The future of innovation in our industry is centered around collaboration—software developers, service companies, and E&Ps, which are all stakeholders leveraging each other’s core strengths—to create something bigger than the sum of the parts. Corva and its partners currently have more than 25 drilling and completions apps in the development pipeline, many of which will be made available via the company’s online marketplace. This includes a simultaneous operations monitoring app to analyze the status of frac-tree valve, read pressure gauges on frac trees, and determine whether frac, wireline or maintenance is being performed on the well. Additional completions apps slated for release include hazard analysis, distributed temperature sensing (DTS) and distributed acoustic sensing (DAS), and real-time chemical monitoring for frac fluids.

By harnessing the digital oil field and building fit-for-purpose business analytics, E&Ps and service companies gain the agility they need to navigate market forces, manage the energy transition, automate processes, contain operational and development costs, reduce carbon footprint, and deliver better wells in less time.

About the Authors
Greg McDonald
Corva
Greg McDonald is a product manager for Corva, where he works closely with Engineering and Software Development teams to oversee the creation and implementation of Corva’s Drilling, Completions, and Dev Center product lines.

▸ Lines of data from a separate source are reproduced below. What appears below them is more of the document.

(* Fix integers $0\le k\le T$. Let $(\nu^k_l)_{k\le l\le T-1}$ be nonnegative numbers, let $n^k=(n^k_l)_{k\le l\le T}$ satisfy $n^k_k=0$ with independent Poisson increments $n^k_{l+1}-n^k_l$ of parameters $\nu^k_l$, independent of $\mathfrak{F}_k$, let $i^k_k\in\{-1,1\}$ be $\mathfrak{F}_k$-measurable, and let $i^k_l=-\mathbf{1}_{i^k_k=-1}+\mathbf{1}_{i^k_k=1}(\mathbf{1}_{n^k_l=0}-\mathbf{1}_{n^k_l\ge1})$ for $k\le l\le T$. Define $$q_k=\sup_{\theta}\mathbb{E}_k\Big[\sum_{\ell=k+1}^{T}\big(\mathbf{1}_{i^k_\ell=-1}-\mathbf{1}_{i^k_\ell=1}\big)\mathbf{1}_{\ell\le\theta}\Big],$$ the supremum being over stopping times $\theta$ with values in $\{k,\dots,T\}$ with respect to the filtration generated by $\mathfrak{F}_k$ and $(i^k_l)_{k\le l\le T}$. Then $q_k=q^k(k,i^k_k)$, where $q^k:\{k,\dots,T\}\times\{1,-1\}\to\mathbb{R}$ is given by $q^k(T,\pm1)=0$ and, for $k\le l<T$, $$q^k(l,-1)=T-l,$$ $$q^k(l,1)=\max\Big(0,\;e^{-\nu^k_l}\big(-1+q^k(l+1,1)\big)+\big(1-e^{-\nu^k_l}\big)\big(1+q^k(l+1,-1)\big)\Big).$$
   Context: $\mathfrak{F}=(\mathfrak{F}_k)_{0\le k\le T}$ is a filtration on the underlying probability space and $\mathbb{E}_k$ is conditional expectation given $\mathfrak{F}_k$. $q_k$ is the value of the stylized callable range accrual (receiving $+1$ at each date $\ell$ with $i^k_\ell=-1$, paying $1$ at each date with $i^k_\ell=1$, callable at zero value) in the trader's model set up at time $k$. *)

theory Defs
  imports "HOL-Probability.Probability"
begin

definition regime :: "('a \<Rightarrow> int) \<Rightarrow> (nat \<Rightarrow> 'a \<Rightarrow> int) \<Rightarrow> nat \<Rightarrow> 'a \<Rightarrow> int" where
  "regime ik n l \<omega> =
     - (if ik \<omega> = -1 then 1 else 0)
     + (if ik \<omega> = 1 then ((if n l \<omega> = 0 then 1 else 0) - (if n l \<omega> \<ge> 1 then 1 else 0)) else 0)"

definition gen_filt :: "'a measure \<Rightarrow> 'a measure \<Rightarrow> nat \<Rightarrow> (nat \<Rightarrow> 'a \<Rightarrow> int) \<Rightarrow> nat \<Rightarrow> 'a measure" where
  "gen_filt M Fk k i l =
     sigma (space M) (sets Fk \<union> (\<Union>m\<in>{k..l}. {i m -` A \<inter> space M | A. A \<subseteq> (UNIV :: int set)}))"

definition payoff :: "nat \<Rightarrow> nat \<Rightarrow> (nat \<Rightarrow> 'a \<Rightarrow> int) \<Rightarrow> ('a \<Rightarrow> nat) \<Rightarrow> 'a \<Rightarrow> real" where
  "payoff k T i \<theta> \<omega> =
     (\<Sum>m\<in>{k+1..T}. ((if i m \<omega> = -1 then 1 else 0) - (if i m \<omega> = 1 then 1 else 0))
                     * (if m \<le> \<theta> \<omega> then 1 else 0))"

definition is_ess_sup :: "'a measure \<Rightarrow> ('j \<Rightarrow> 'a \<Rightarrow> real) \<Rightarrow> 'j set \<Rightarrow> ('a \<Rightarrow> real) \<Rightarrow> bool" where
  "is_ess_sup M X I Q \<longleftrightarrow>
     Q \<in> borel_measurable M \<and>
     (\<forall>j\<in>I. AE \<omega> in M. X j \<omega> \<le> Q \<omega>) \<and>
     (\<forall>Y \<in> borel_measurable M. (\<forall>j\<in>I. AE \<omega> in M. X j \<omega> \<le> Y \<omega>) \<longrightarrow> (AE \<omega> in M. Q \<omega> \<le> Y \<omega>))"

text \<open>The function q^k, indexed by d = T - l (number of remaining dates):
  qaux nu T d b = q^k(T - d, b).\<close>
fun qaux :: "(nat \<Rightarrow> real) \<Rightarrow> nat \<Rightarrow> nat \<Rightarrow> int \<Rightarrow> real" where
  "qaux \<nu> T 0 b = 0"
| "qaux \<nu> T (Suc d) b =
     (if b = -1 then real (Suc d)
      else max 0 (exp (- \<nu> (T - Suc d)) * (-1 + qaux \<nu> T d 1)
                  + (1 - exp (- \<nu> (T - Suc d))) * (1 + qaux \<nu> T d (-1))))"

definition qfun :: "(nat \<Rightarrow> real) \<Rightarrow> nat \<Rightarrow> nat \<Rightarrow> int \<Rightarrow> real" where
  "qfun \<nu> T l b = qaux \<nu> T (T - l) b"

end

theory Submission
  imports Defs
begin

His professional interests and focus areas include real-time oil & gas analytical tools, software product management, and user-interface design. Mr. McDonald began his career as a directional drilling & MWD engineer with Schlumberger, working in the Permian, Bakken, Eagle Ford, Haynesville, and Powder River basins/shales. He first joined Corva as a Drilling Success lead, where he managed the overall success and expansion of the drilling product before holding the title of product manager. Mr. McDonald holds a BS degree in Industrial Distribution from Texas A&M University.
Ben Dickinson
NexTier
Ben Dickinson is director, Quality & NexHub Operations, at NexTier. He brings more than 10 years of industry experience, with a heavy focus on land-based completions in the continental US. Prior to the 2019 Keane Group/C&J Energy Services merger that formed NexTier, Mr. Dickinson joined Keane in May 2017 as a Wireline Service Quality manager in New Stanton, Pa. There, he was promoted to U.S. Wireline Technical Manager in 2018, where he continued through the merger until moving to Houston in 2020. In his current role at NexTier, he leads the NexHub Digital Operations Center to deploy new completion technologies that enhance operational efficiencies and enable digital transformation across all service lines.